(* Let $S$ be a nonempty set of graphs on $\Pi$. Then for every integer $i$ with $1\le i<\mathrm{eqdom}(S)$, $(i+(n-\mathrm{cov}_i(S)))$-set agreement is solvable in one round on the closed-above model generated by $\mathrm{Sym}(S)$.
   Context: Fix a set of $n$ processes $\Pi=\{p_1,\dots,p_n\}$. A graph is a directed graph with vertex set $\Pi$; every graph is assumed to contain all self-loops $(p,p)$. For a graph $G$ and $p\in\Pi$, $Out_G(p)=\{q:(p,q)\in E(G)\}$ and $In_G(p)=\{q:(q,p)\in E(G)\}$; for $P\subseteq\Pi$, $Out_G(P)=\bigcup_{p\in P}Out_G(p)$. Computation proceeds in failure-free, communication-closed rounds: in each round $r$ a graph $G_r$ is chosen and each process $p$ receives in round $r$ exactly the round-$r$ messages of the processes in $In_{G_r}(p)$. A communication model is a set of infinite sequences of graphs; an execution is allowed iff its sequence of round graphs belongs to the model. For a graph $G$, $\uparrow G=\{H: E(H)\supseteq E(G)\}$. The closed-above model generated by a set $S$ of graphs is $(\bigcup_{G\in S}\uparrow G)^\omega$. $\mathrm{Sym}(S)=\{\pi(G): G\in S,\ \pi \text{ a permutation of }\Pi\}$, where $\pi(G)$ has edges $\{(\pi(u),\pi(v)):(u,v)\in E(G)\}$. In $k$-set agreement each process starts with an input from a totally ordered set $V_{in}$ and must decide a value so that every decided value is the input of some process and at most $k$ distinct values are decided; it is solvable in $r$ rounds on a model if some algorithm guarantees this, with all processes deciding after $r$ rounds, in every allowed execution and for every input assignment. $\mathrm{eqdom}(G)=\min\{i\in[1,n]: \forall P\subseteq\Pi,\ |P|=i\Rightarrow Out_G(P)=\Pi\}$, $\mathrm{eqdom}(S)=\max_{G\in S}\mathrm{eqdom}(G)$, $\mathrm{cov}_i(G)=\min_{P\subseteq\Pi,|P|=i}|Out_G(P)|$ and $\mathrm{cov}_i(S)=\min_{G\in S}\mathrm{cov}_i(G)$. *)

theory Defs
  imports Main "HOL-Library.Cardinality"
begin

text \<open>Processes are the elements of a finite type 'p (so \<Pi> = UNIV and n = CARD('p)).
A graph is its edge set; it must contain all self-loops.\<close>

type_synonym 'p graph = "('p \<times> 'p) set"

definition is_graph :: "'p graph \<Rightarrow> bool" where
  "is_graph G \<longleftrightarrow> (\<forall>p. (p, p) \<in> G)"

definition Out :: "'p graph \<Rightarrow> 'p \<Rightarrow> 'p set" where
  "Out G p = {q. (p, q) \<in> G}"

definition In :: "'p graph \<Rightarrow> 'p \<Rightarrow> 'p set" where
  "In G p = {q. (q, p) \<in> G}"

definition OutSet :: "'p graph \<Rightarrow> 'p set \<Rightarrow> 'p set" where
  "OutSet G P = (\<Union>p\<in>P. Out G p)"

definition eqdom :: "('p::finite) graph \<Rightarrow> nat" where
  "eqdom G = (LEAST i. 1 \<le> i \<and> i \<le> CARD('p) \<and>
      (\<forall>P::'p set. card P = i \<longrightarrow> OutSet G P = UNIV))"

definition eqdom_set :: "('p::finite) graph set \<Rightarrow> nat" where
  "eqdom_set S = Max (eqdom ` S)"

definition cov :: "nat \<Rightarrow> ('p::finite) graph \<Rightarrow> nat" where
  "cov i G = Min {card (OutSet G P) | P::'p set. card P = i}"

definition cov_set :: "nat \<Rightarrow> ('p::finite) graph set \<Rightarrow> nat" where
  "cov_set i S = Min (cov i ` S)"

text \<open>Upward closure of a graph and the closed-above model generated by S
  (infinite sequences of graphs, indexed by rounds r = 0,1,2,...).\<close>

definition up :: "'p graph \<Rightarrow> 'p graph set" where
  "up G = {H. G \<subseteq> H}"

definition closed_above_model :: "'p graph set \<Rightarrow> (nat \<Rightarrow> 'p graph) set" where
  "closed_above_model S = {\<sigma>. \<forall>r. \<sigma> r \<in> (\<Union>G\<in>S. up G)}"

definition perm_graph :: "('p \<Rightarrow> 'p) \<Rightarrow> 'p graph \<Rightarrow> 'p graph" where
  "perm_graph \<pi> G = {(\<pi> u, \<pi> v) | u v. (u, v) \<in> G}"

definition Sym :: "'p graph set \<Rightarrow> 'p graph set" where
  "Sym S = {perm_graph \<pi> G | \<pi> G. G \<in> S \<and> bij \<pi>}"

text \<open>One-round algorithms, w.l.o.g. full-information: in round 1 every process
  sends its input; process p's view is the partial map giving the input of each
  q \<in> In_{G_1}(p); its decision is a function of its identity and its view.
  k-set agreement is solvable in one round on model M (inputs of type 'v) if some
  decision function satisfies validity and k-agreement in every execution of M and
  every input assignment.\<close>

definition view :: "'p graph \<Rightarrow> ('p \<Rightarrow> 'v) \<Rightarrow> 'p \<Rightarrow> ('p \<Rightarrow> 'v option)" where
  "view G x p = (\<lambda>q. if q \<in> In G p then Some (x q) else None)"

definition set_agreement_solvable_one_round ::
    "nat \<Rightarrow> (nat \<Rightarrow> ('p::finite) graph) set \<Rightarrow> 'v itself \<Rightarrow> bool" where
  "set_agreement_solvable_one_round k M (_ :: 'v itself) \<longleftrightarrow>
     (\<exists>dec :: 'p \<Rightarrow> ('p \<Rightarrow> 'v option) \<Rightarrow> 'v.
        \<forall>\<sigma>\<in>M. \<forall>x :: 'p \<Rightarrow> 'v.
          (\<forall>p. dec p (view (\<sigma> 0) x p) \<in> range x) \<and>
          card (range (\<lambda>p. dec p (view (\<sigma> 0) x p))) \<le> k)"

end

theory Submission
  imports Defs
begin

text \<open>Every process decides the smallest input it receives. Let P be a set of i processes
  holding the i smallest inputs. A process hearing from P decides an input of P; all other
  processes, outside Out(P), contribute at most one value each. Since the round graph contains
  a relabelled copy of a graph of S, |Out(P)| \<ge> cov_i(S), so at most i + (n - cov_i(S)) values
  are decided. The bound holds for every i.\<close>

lemma ex_subset_card_below_rest:
  fixes x :: "'p \<Rightarrow> 'v::linorder"
  assumes "finite A" "k \<le> card A"
  shows "\<exists>P\<subseteq>A. card P = k \<and> (\<forall>q\<in>P. \<forall>r\<in>A - P. x q \<le> x r)"
  using assms(2)
proof (induction k)
  case 0
  show ?case by (intro exI[of _ "{}"]) auto
next
  case (Suc k)
  then obtain P where P: "P \<subseteq> A" "card P = k" "\<forall>q\<in>P. \<forall>r\<in>A - P. x q \<le> x r"
    by auto
  have "finite P" using P(1) assms(1) finite_subset by blast
  with P Suc.prems have "A - P \<noteq> {}"
    by (metis Diff_eq_empty_iff assms(1) card_mono not_less_eq_eq)
  moreover have "finite (x ` (A - P))" using assms(1) by simp
  ultimately have "Min (x ` (A - P)) \<in> x ` (A - P)" by (intro Min_in) auto
  then obtain r where r: "r \<in> A - P" "x r = Min (x ` (A - P))" by auto
  then have "\<forall>r'\<in>A - P. x r \<le> x r'"
    using assms(1) by auto
  with P r \<open>finite P\<close> show ?case
    by (intro exI[of _ "insert r P"]) auto
qed

lemma is_graph_mono: "is_graph G \<Longrightarrow> G \<subseteq> H \<Longrightarrow> is_graph H"
  unfolding is_graph_def by blast

lemma is_graph_perm_graph:
  assumes "is_graph G" "bij \<pi>"
  shows "is_graph (perm_graph \<pi> G)"
  unfolding is_graph_def perm_graph_def
proof
  fix p
  have "(inv \<pi> p, inv \<pi> p) \<in> G" using assms(1) unfolding is_graph_def by blast
  then have "(\<pi> (inv \<pi> p), \<pi> (inv \<pi> p)) \<in> {(\<pi> u, \<pi> v) |u v. (u, v) \<in> G}" by blast
  moreover have "\<pi> (inv \<pi> p) = p" using assms(2) by (simp add: bij_is_surj surj_f_inv_f)
  ultimately show "(p, p) \<in> {(\<pi> u, \<pi> v) |u v. (u, v) \<in> G}" by simp
qed

lemma OutSet_perm_graph:
  assumes "bij \<pi>"
  shows "OutSet (perm_graph \<pi> G) P = \<pi> ` OutSet G (inv \<pi> ` P)"
proof (intro set_eqI iffI)
  fix q
  assume "q \<in> OutSet (perm_graph \<pi> G) P"
  then obtain u v where uv: "\<pi> u \<in> P" "q = \<pi> v" "(u, v) \<in> G"
    unfolding OutSet_def Out_def perm_graph_def by auto
  moreover have "inv \<pi> (\<pi> u) = u"
    using assms by (simp add: bij_is_inj)
  ultimately show "q \<in> \<pi> ` OutSet G (inv \<pi> ` P)"
    unfolding OutSet_def Out_def by (metis (mono_tags, lifting) UN_iff image_eqI mem_Collect_eq)
next
  fix q
  assume "q \<in> \<pi> ` OutSet G (inv \<pi> ` P)"
  then obtain p v where "p \<in> P" "q = \<pi> v" "(inv \<pi> p, v) \<in> G"
    unfolding OutSet_def Out_def by auto
  moreover have "\<pi> (inv \<pi> p) = p"
    using assms by (simp add: bij_is_surj surj_f_inv_f)
  ultimately show "q \<in> OutSet (perm_graph \<pi> G) P"
    unfolding OutSet_def Out_def perm_graph_def by (metis (mono_tags, lifting) UN_iff mem_Collect_eq)
qed

lemma card_OutSet_perm_graph:
  assumes "bij \<pi>"
  shows "card (OutSet (perm_graph \<pi> G) P) = card (OutSet G (inv \<pi> ` P))"
  unfolding OutSet_perm_graph[OF assms]
  using assms by (meson bij_betw_imp_inj_on card_image inj_on_subset subset_UNIV)

lemma OutSet_mono: "G \<subseteq> H \<Longrightarrow> OutSet G P \<subseteq> OutSet H P"
  unfolding OutSet_def Out_def by blast

lemma cov_le_card_OutSet:
  fixes G :: "('p::finite) graph"
  assumes "card P = i"
  shows "cov i G \<le> card (OutSet G P)"
  unfolding cov_def using assms by (intro Min_le) auto

lemma cov_set_le_card_OutSet_Sym:
  fixes H :: "('p::finite) graph"
  assumes "G \<in> S" "bij \<pi>" "perm_graph \<pi> G \<subseteq> H" "card P = i"
  shows "cov_set i S \<le> card (OutSet H P)"
proof -
  have "card (inv \<pi> ` P) = i"
    using assms(2,4) by (metis bij_imp_bij_inv bij_is_inj card_image inj_on_subset subset_UNIV)
  then have "cov_set i S \<le> card (OutSet G (inv \<pi> ` P))"
    using assms(1) cov_le_card_OutSet[of "inv \<pi> ` P" i G] unfolding cov_set_def
    by (meson Min_le finite finite_imageI image_eqI order_trans)
  also have "\<dots> = card (OutSet (perm_graph \<pi> G) P)"
    using card_OutSet_perm_graph[OF assms(2)] by simp
  also have "\<dots> \<le> card (OutSet H P)"
    using assms(3) by (intro card_mono OutSet_mono) auto
  finally show ?thesis .
qed

definition min_received :: "('p \<Rightarrow> 'v::linorder option) \<Rightarrow> 'v" where
  "min_received w = Min {y. \<exists>q. w q = Some y}"

lemma min_received_view: "min_received (view H x p) = Min (x ` In H p)"
proof -
  have "{y. \<exists>q. view H x p q = Some y} = x ` In H p"
    by (auto simp: view_def split: if_splits)
  then show ?thesis unfolding min_received_def by simp
qed

lemma Min_image_In_mem:
  fixes H :: "('p::finite) graph" and x :: "'p \<Rightarrow> 'v::linorder"
  assumes "is_graph H"
  shows "Min (x ` In H p) \<in> x ` In H p"
  using assms unfolding is_graph_def In_def by (intro Min_in) auto

lemma Min_image_In_mem_lower_set:
  fixes H :: "('p::finite) graph" and x :: "'p \<Rightarrow> 'v::linorder"
  assumes "is_graph H" "\<forall>q\<in>P. \<forall>r\<in>- P. x q \<le> x r" "p \<in> OutSet H P"
  shows "Min (x ` In H p) \<in> x ` P"
proof -
  obtain q where q: "q \<in> P" "q \<in> In H p"
    using assms(3) unfolding OutSet_def Out_def In_def by auto
  obtain q' where q': "q' \<in> In H p" "Min (x ` In H p) = x q'"
    using Min_image_In_mem[OF assms(1)] by blast
  have "x q' \<le> x q" using q(2) q'(2)[symmetric] by simp
  then show ?thesis
    using q q' assms(2) by (cases "q' \<in> P") (auto intro: antisym)
qed

lemma card_range_Min_image_In:
  fixes H :: "('p::finite) graph" and x :: "'p \<Rightarrow> 'v::linorder"
  assumes "is_graph H" "\<forall>q\<in>P. \<forall>r\<in>- P. x q \<le> x r"
  shows "card (range (\<lambda>p. Min (x ` In H p))) \<le> card P + (CARD('p) - card (OutSet H P))"
proof -
  let ?d = "\<lambda>p. Min (x ` In H p)"
  have "range ?d \<subseteq> x ` P \<union> ?d ` (- OutSet H P)"
    using Min_image_In_mem_lower_set[OF assms] by blast
  then have "card (range ?d) \<le> card (x ` P \<union> ?d ` (- OutSet H P))"
    by (intro card_mono) simp_all
  also have "\<dots> \<le> card (x ` P) + card (?d ` (- OutSet H P))"
    by (rule card_Un_le)
  also have "\<dots> \<le> card P + card (- OutSet H P)"
    by (intro add_mono card_image_le) auto
  also have "card (- OutSet H P) = CARD('p) - card (OutSet H P)"
    by (simp add: Compl_eq_Diff_UNIV card_Diff_subset)
  finally show ?thesis .
qed

theorem mainTheorem5:
  fixes S :: "('p::finite) graph set" and i :: nat
  assumes "S \<noteq> {}"
    and "\<forall>G\<in>S. is_graph G"
    and "1 \<le> i" and "i < eqdom_set S"
  shows "set_agreement_solvable_one_round (i + (CARD('p) - cov_set i S))
           (closed_above_model (Sym S)) TYPE('v::linorder)"
  unfolding set_agreement_solvable_one_round_def
proof (intro exI[of _ "\<lambda>_. min_received"] ballI allI)
  fix \<sigma> and x :: "'p \<Rightarrow> 'v"
  assume "\<sigma> \<in> closed_above_model (Sym S)"
  then obtain G \<pi> where G: "G \<in> S" "bij \<pi>" "perm_graph \<pi> G \<subseteq> \<sigma> 0"
    unfolding closed_above_model_def Sym_def up_def by blast
  then have H: "is_graph (\<sigma> 0)"
    using assms(2) by (meson is_graph_mono is_graph_perm_graph)
  have "\<forall>p. min_received (view (\<sigma> 0) x p) \<in> range x"
    using Min_image_In_mem[OF H, of x] by (auto simp: min_received_view)
  moreover have "card (range (\<lambda>p. min_received (view (\<sigma> 0) x p))) \<le> i + (CARD('p) - cov_set i S)"
  proof (cases "CARD('p) \<le> i")
    case True
    then show ?thesis by (metis card_image_le finite le_add1 order_trans)
  next
    case False
    then obtain P :: "'p set" where P: "card P = i" "\<forall>q\<in>P. \<forall>r\<in>- P. x q \<le> x r"
      using ex_subset_card_below_rest[of UNIV i x] by (auto simp: Compl_eq_Diff_UNIV)
    have "cov_set i S \<le> card (OutSet (\<sigma> 0) P)"
      using cov_set_le_card_OutSet_Sym[OF G P(1)] .
    then show ?thesis
      using card_range_Min_image_In[OF H P(2)] P(1) by (simp add: min_received_view)
  qed
  ultimately show "(\<forall>p. min_received (view (\<sigma> 0) x p) \<in> range x) \<and>
      card (range (\<lambda>p. min_received (view (\<sigma> 0) x p))) \<le> i + (CARD('p) - cov_set i S)"
    by blast
qed

end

+++

■ **Exercise brief**
Among the lines of the material, find those holding the word "lambda" and return them.

■ **Output for this exercise**
  "view G x p = (\<lambda>q. if q \<in> In G p then Some (x q) else None)"
          card (range (\<lambda>p. dec p (view (\<sigma> 0) x p))) \<le> k)"
  shows "card (range (\<lambda>p. Min (x ` In H p))) \<le> card P + (CARD('p) - card (OutSet H P))"
  let ?d = "\<lambda>p. Min (x ` In H p)"
proof (intro exI[of _ "\<lambda>_. min_received"] ballI allI)
  moreover have "card (range (\<lambda>p. min_received (view (\<sigma> 0) x p))) \<le> i + (CARD('p) - cov_set i S)"
      card (range (\<lambda>p. min_received (view (\<sigma> 0) x p))) \<le> i + (CARD('p) - cov_set i S)"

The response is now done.